This repository contains the code to reproduce the experiments from the paper "On the Effect of Gradient Regularisation on Interpretability".

Installation

The required packages and their versions are listed in requirements.txt (TODO: Add package versions).

Dataset-Model Selection

The dataset-model combination is determined by an input argument --dataset_model. The available options are:

Dataset Model Argument Value
MNIST LeNet MNIST_LeNet
MNIST ResNet MNIST_ResNet
Fashion-MNIST LeNet FMNIST_LeNet
KMNIST LeNet KMNIST_LeNet
CIFAR-10 ResNet CIFAR_ResNet
Imagenette ResNet Imagenette_ResNet

Directory Structure

All input and output files are stored relative to the path specified with the --data_root argument.

Running the Experiments

1. Model Training

To train models with varying regularisation strengths, run the following command:

python main.py --dataset_model <DATASET_MODEL>

Replace <DATASET_MODEL> with one of the values from the table above.

2. Saliency Evaluation

To evaluate saliency metrics, run:

python saliency.py --dataset_model <DATASET_MODEL> --saliency_method <SALIENCY_METHOD>

Replace <SALIENCY_METHOD> by the method that should be used.

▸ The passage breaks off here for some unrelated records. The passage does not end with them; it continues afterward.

lemma comm_scalar_eq_1_iff:
  assumes "scalar_commutator_group S" "a \<in> S" "b \<in> S"
  shows "comm_scalar a b = 1 \<longleftrightarrow> a ** b = b ** a"
  using scalar_commutator_groupD(3)[OF assms] comm_scalar_unique[OF assms, of 1] by auto

lemma comm_scalar_mult_right:
  assumes S: "scalar_commutator_group S" and x: "x \<in> S" and g: "g \<in> S" and h: "h \<in> S"
  shows "comm_scalar x (g ** h) = comm_scalar x g * comm_scalar x h"
proof (rule comm_scalar_unique[OF S x])
  note comm = scalar_commutator_groupD(3)[OF S]
  show "g ** h \<in> S" using matrix_groupD(2)[OF scalar_commutator_groupD(2)[OF S] g h] .
  have "x ** (g ** h) = scale_mat (comm_scalar x g) (g ** (x ** h))"
    using comm[OF x g] by (simp add: matrix_mul_assoc)
  also have "\<dots> = scale_mat (comm_scalar x g * comm_scalar x h) ((g ** h) ** x)"
    using comm[OF x h] by (simp add: matrix_mul_assoc)
  finally show "x ** (g ** h) = scale_mat (comm_scalar x g * comm_scalar x h) ((g ** h) ** x)" .
qed

lemma comm_scalar_mult_left:
  assumes S: "scalar_commutator_group S" and g: "g \<in> S" and h: "h \<in> S" and y: "y \<in> S"
  shows "comm_scalar (g ** h) y = comm_scalar g y * comm_scalar h y"
proof (rule comm_scalar_unique[OF S _ y])
  note comm = scalar_commutator_groupD(3)[OF S]
  show "g ** h \<in> S" using matrix_groupD(2)[OF scalar_commutator_groupD(2)[OF S] g h] .
  have "(g ** h) ** y = scale_mat (comm_scalar h y) ((g ** y) ** h)"
    using comm[OF h y] by (simp add: matrix_mul_assoc[symmetric])
  also have "\<dots> = scale_mat (comm_scalar h y) (scale_mat (comm_scalar g y) (y ** g) ** h)"
    by (simp only: comm[OF g y])
  also have "\<dots> = scale_mat (comm_scalar g y * comm_scalar h y) (y ** (g ** h))"
    by (simp add: matrix_mul_assoc mult.commute)
  finally show "(g ** h) ** y = scale_mat (comm_scalar g y * comm_scalar h y) (y ** (g ** h))" .
qed
(* Let $p>1$ and let $G$ be a finite simple connected graph on $n\geq 4$ vertices with nonempty boundary $B(G)$. Then $$\lambda_{1,p}(G)\geq \lambda_{1,p}(T_{n,3}),$$ and equality holds if and only if $G$ is isomorphic to $T_{n,3}$.
   Context: For a finite simple connected graph $G$, its boundary is $B(G)=\{x\in V(G): \deg(x)=1\}$ (the pendant vertices) and its interior is $\Omega(G)=V(G)\setminus B(G)$; "graph with boundary" means $B(G)\neq\emptyset$. For $p\ge 1$, let $C_B(G)=\{f\in\mathbb{R}^{V(G)}: f|_{B(G)}\equiv 0\}$ and define the first $p$-Dirichlet eigenvalue $$\lambda_{1,p}(G)=\min_{f\in C_B(G)\setminus\{0\}}\frac{\sum_{\{x,y\}\in E(G)}|f(x)-f(y)|^p}{\sum_{x\in V(G)}|f(x)|^p}.$$ (For $p>1$ this equals the smallest $\lambda$ such that $\sum_{y\sim x}|f(x)-f(y)|^{p-2}(f(x)-f(y))=\lambda|f(x)|^{p-2}f(x)$ for all $x\in\Omega(G)$ has a nonzero solution $f\in C_B(G)$.) For $n>i\ge 3$, the tadpole graph $T_{n,i}$ is the graph on vertices $t_1,\dots,t_n$ with edges $t_n\sim t_{n-1}\sim\cdots\sim t_i\sim t_{i-1}\sim\cdots\sim t_2\sim t_1\sim t_i$, i.e. a cycle $t_i,t_{i-1},\dots,t_1$ of length $i$ (the head) with a path $t_n,\dots,t_i$ (the tail) attached at the neck vertex $t_i$; its only boundary vertex is $t_n$. *)

theory Defs
  imports Complex_Main
begin
lemma trunks_simps [simp]: "trunks [] = []" "trunks (d # ds) = rd [fst d] @ trunks ds"
  by (simp_all add: trunks_def rd_def)

lemma branches_simps [simp]: "branches [] = []" "branches (d # ds) = rd (snd d) @ branches ds"
  by (simp_all add: branches_def rd_def)

lemma tmul_count:
  fixes p :: "'a \<Rightarrow> 's forest \<times> 's forest" and q :: "'b \<Rightarrow> 's forest \<times> 's forest"
  assumes "finite A" and "finite B"
  shows "tmul (\<lambda>x. of_nat (card {a \<in> A. p a = x})) (\<lambda>x. of_nat (card {b \<in> B. q b = x})) (g, h) =
    (of_nat (card {(a, b) \<in> A \<times> B. fst (p a) @ fst (q b) = g \<and> snd (p a) @ snd (q b) = h})
      :: 'k::field_char_0)"
proof -
  define I where "I = {..length g} \<times> {..length h}"
  define C where "C ij = {a \<in> A. p a = (take (fst ij) g, take (snd ij) h)} \<times>
    {b \<in> B. q b = (drop (fst ij) g, drop (snd ij) h)}" for ij
  have "tmul (\<lambda>x. of_nat (card {a \<in> A. p a = x})) (\<lambda>x. of_nat (card {b \<in> B. q b = x})) (g, h) =
      (of_nat (\<Sum>ij\<in>I. card (C ij)) :: 'k)"
    by (simp add: tmul_def C_def I_def card_cartesian_product sum.cartesian_product case_prod_beta)
  also have "(\<Sum>ij\<in>I. card (C ij)) = card (\<Union>ij\<in>I. C ij)"
  proof (rule card_UN_disjoint[symmetric])
    show "finite I" "\<forall>ij\<in>I. finite (C ij)"
      using assms by (simp_all add: I_def C_def)
    show "\<forall>ij\<in>I. \<forall>ij'\<in>I. ij \<noteq> ij' \<longrightarrow> C ij \<inter> C ij' = {}"
      by (fastforce simp: I_def C_def prod_eq_iff min_def dest: arg_cong[where f = length])
  qed
  also have "(\<Union>ij\<in>I. C ij) = {(a, b) \<in> A \<times> B. fst (p a) @ fst (q b) = g \<and> snd (p a) @ snd (q b) = h}"
  proof -
    have "xs @ ys = zs \<longleftrightarrow> (\<exists>i\<le>length zs. xs = take i zs \<and> ys = drop i zs)" for xs ys zs :: "'s forest"
      by (auto intro!: exI[of _ "length xs"])
    then show ?thesis
      by (auto simp: I_def C_def prod_eq_iff)
  qed
  finally show ?thesis .
qed

lemma Delta_eq_card:
  "(Delta S ar f x :: 'k::field_char_0) =
     of_nat (card {ds \<in> forest_decomps S ar f. (trunks ds, branches ds) = x})"
proof (induct f arbitrary: x)
  case Nil
  have "{ds \<in> forest_decomps S ar []. (trunks ds, branches ds) = x} = (if x = ([], []) then {[]} else {})"
    by (auto simp: forest_decomps_Nil)
  then show ?case
    by (cases x) (simp add: Delta_def tone_def)
next
  case (Cons t f)
  obtain g h where x: "x = (g, h)" by (cases x)
  have "(Delta_t S ar t :: _ \<Rightarrow> 'k) = (\<lambda>x. of_nat (card {d \<in> decomps S ar t. (rd [fst d], rd (snd d)) = x}))"
    by (simp add: Delta_t_def split_def prod_eq_iff)
  moreover have "(Delta S ar f :: _ \<Rightarrow> 'k) = (\<lambda>x. of_nat (card {ds \<in> forest_decomps S ar f. (trunks ds, branches ds) = x}))"
    by (rule ext) (rule Cons)
  ultimately have "(Delta S ar (t # f) x :: 'k) = of_nat (card {(d, ds) \<in> decomps S ar t \<times> forest_decomps S ar f.
      rd [fst d] @ trunks ds = g \<and> rd (snd d) @ branches ds = h})"
    by (simp add: Delta_def x tmul_count finite_decomps finite_forest_decomps)
  also have "{(d, ds) \<in> decomps S ar t \<times> forest_decomps S ar f.
      rd [fst d] @ trunks ds = g \<and> rd (snd d) @ branches ds = h} =
    {(d, ds). d # ds \<in> {ds \<in> forest_decomps S ar (t # f). (trunks ds, branches ds) = x}}"
    by (auto simp: x forest_decomps_Cons)
  also have "card \<dots> = card {ds \<in> forest_decomps S ar (t # f). (trunks ds, branches ds) = x}"
    by (rule bij_betw_same_card[of "\<lambda>(d, ds). d # ds"])
      (auto simp: bij_betw_def inj_on_def image_def forest_decomps_Cons)
  finally show ?case .
qed

lemma rtensor_count:
  fixes X :: "'s forest \<times> 's forest \<Rightarrow> 'k::field_char_0"
  assumes "finite D" and X: "\<And>x. X x = of_nat (card {d \<in> D. K d = x})"
  shows "rtensor A1 A2 X (u, v) =
    of_nat (card {d \<in> D. compatible A1 (fst (K d)) u \<and> compatible A2 (snd (K d)) v})"
proof -
  define c where "c x = (rA A1 (fst x) u * rA A2 (snd x) v :: 'k)" for x
  have "{x. X x \<noteq> 0} = K ` D"
    using assms by (force simp: X)
  then have "rtensor A1 A2 X (u, v) = (\<Sum>x\<in>K ` D. of_nat (card {d \<in> D. K d = x}) * c x)"
    by (simp add: rtensor_def X c_def mult.assoc)
  also have "\<dots> = (\<Sum>d\<in>D. c (K d))"
    using sum_fun_comp[where S = D and R = "K ` D" and g = K and f = c] assms(1) by simp
  also have "\<dots> = (\<Sum>d\<in>D. of_bool (compatible A1 (fst (K d)) u \<and> compatible A2 (snd (K d)) v))"
    by (intro sum.cong) (auto simp: c_def rA_def)
  also have "\<dots> = of_nat (card (D \<inter> {d. compatible A1 (fst (K d)) u \<and> compatible A2 (snd (K d)) v}))"
    by (intro sum_of_bool_eq assms(1))
  finally show ?thesis
    by (simp add: Int_def)
qed

lemma theta_count:
  "(theta (rA A f) (u, v) :: 'k::field_char_0) =
     of_nat (card {w. projl w = u \<and> projr w = v \<and> compatible A f w})"
proof -
  have "(theta (rA A f) (u, v) :: 'k) = (\<Sum>w\<in>{w. projl w = u \<and> projr w = v}. of_bool (compatible A f w))"
    by (simp add: theta_def rA_def of_bool_def)
  also have "\<dots> = of_nat (card ({w. projl w = u \<and> projr w = v} \<inter> {w. compatible A f w}))"
    by (intro sum_of_bool_eq finite_proj_fibre)
  finally show ?thesis
    by (simp add: Int_def conj_assoc)
qed

lemma bij_betw_interleave_forest_mask:
  "bij_betw (\<lambda>ds. interleave (forest_mask ds) u v)
     {ds. list_all2 is_decomp f ds \<and>
        compat_forest A1 (map fst ds) u \<and> compat_forest A2 (concat (map snd ds)) v}
     {w. projl w = u \<and> projr w = v \<and> compat_forest (fl_sum A1 A2) f w}"
  (is "bij_betw ?il ?D ?W")
proof (rule bij_betw_imageI)
  show "inj_on ?il ?D"
  proof (rule inj_onI)
    fix ds1 ds2 assume "ds1 \<in> ?D" "ds2 \<in> ?D" "?il ds1 = ?il ds2"
    then show "ds1 = ds2"
      using forest_mask_inj by (metis (no_types, lifting) map_isl_interleave mem_Collect_eq)
  qed
  show "?il ` ?D = ?W"
  proof
    show "?il ` ?D \<subseteq> ?W"
    proof
      fix w assume "w \<in> ?il ` ?D"
      then obtain ds where ds: "list_all2 is_decomp f ds" and u: "compat_forest A1 (map fst ds) u"
        and v: "compat_forest A2 (concat (map snd ds)) v" and w: "w = ?il ds"
        by blast
      from u v have "length u = fdeg (map fst ds)" "length v = fdeg (concat (map snd ds))"
        by (simp_all add: length_compat_forest)
      with ds u v show "w \<in> ?W"
        by (simp add: w projl_interleave projr_interleave compat_forest_interleave
            length_filter_forest_mask)
    qed
    show "?W \<subseteq> ?il ` ?D"
      by (auto elim!: compat_forest_fl_sum_decomp)
  qed
qed

theorem proposition4p4:
  fixes S :: "'s set" and ar :: "'s \<Rightarrow> nat"
    and A1 :: "('a, 's) fl_alphabet" and A2 :: "('b, 's) fl_alphabet"
    and f :: "'s forest"
  assumes "forest_like S A1" and "forest_like S A2" and "reduced S ar f"
  shows "theta (rA (fl_sum A1 A2) f) =
         (rtensor A1 A2 (Delta S ar f) :: 'a list \<times> 'b list \<Rightarrow> 'k::field_char_0)"
proof -
  have wf: "\<forall>t\<in>set f. wf_trm S ar t"
    using assms(3) by (simp add: reduced_def)
  have "(theta (rA (fl_sum A1 A2) f) (u, v) :: 'k) = rtensor A1 A2 (Delta S ar f) (u, v)" for u v
  proof -
    have "(theta (rA (fl_sum A1 A2) f) (u, v) :: 'k) =
        of_nat (card {w. projl w = u \<and> projr w = v \<and> compat_forest (fl_sum A1 A2) f w})"
      by (simp add: theta_count compatible_iff_compat_forest)
    also have "\<dots> = of_nat (card {ds. list_all2 is_decomp f ds \<and>
        compat_forest A1 (map fst ds) u \<and> compat_forest A2 (concat (map snd ds)) v})"
      using bij_betw_same_card[OF bij_betw_interleave_forest_mask[of u v f A1 A2]] by simp
    also have "\<dots> = rtensor A1 A2 (Delta S ar f) (u, v)"
      by (simp add: rtensor_count[OF finite_forest_decomps Delta_eq_card] forest_decomps_eq_is_decomp[OF wf]
          trunks_def branches_def compatible_iff_compat_forest compat_forest_rd conj_assoc)
    finally show ?thesis .
  qed
  then show ?thesis
    by (intro ext) (metis surj_pair)
qed

end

Method names are defined by the quantus package: Saliency for the input gradient and DeepLift for DeepLift.

3. Plotting the Results

To generate plots of the metrics specified in USED_METRICS, use:

python plot_saliency.py --dataset_model <DATASET_MODEL> --saliency_method <SALIENCY_METHOD>

Replace <DATASET_MODEL> with one of the valid dataset-model options.

4. Generating p-values

To generate the p-values to test whether the faithfulness estimate is actually increasing, the following can be run after the metrics have been calculated:

python p_value.py

Accuracy of trained models for varying values of α

Faithfulness evaluation using the Faithfulness Estimate metric on saliency maps generated using DeepLIFT.

Faithfulness evaluation using the Faithfulness Estimate metric on saliency maps generated using the gradient.

Robustness evaluation using the local Lipschitz constant metric on saliency maps generated using DeepLIFT.

Robustness evaluation using the local Lipschitz constant metric on saliency maps generated using the gradient.

Robustness evaluation using the max-sensitivity metric on saliency maps generated using DeepLIFT.

Robustness evaluation using the max-sensitivity metric on saliency maps generated using the gradient.

Complexity evaluation using the fractional entropy on saliency maps generated using DeepLIFT.

Complexity evaluation using the fractional entropy on saliency maps generated using the gradient.

DeepLIFT saliency evaluation on CIFAR-10 data using ResNet.

DeepLIFT saliency evaluation on Fashion-MNIST data using LeNet.

DeepLIFT saliency evaluation on Imagenette data using ResNet.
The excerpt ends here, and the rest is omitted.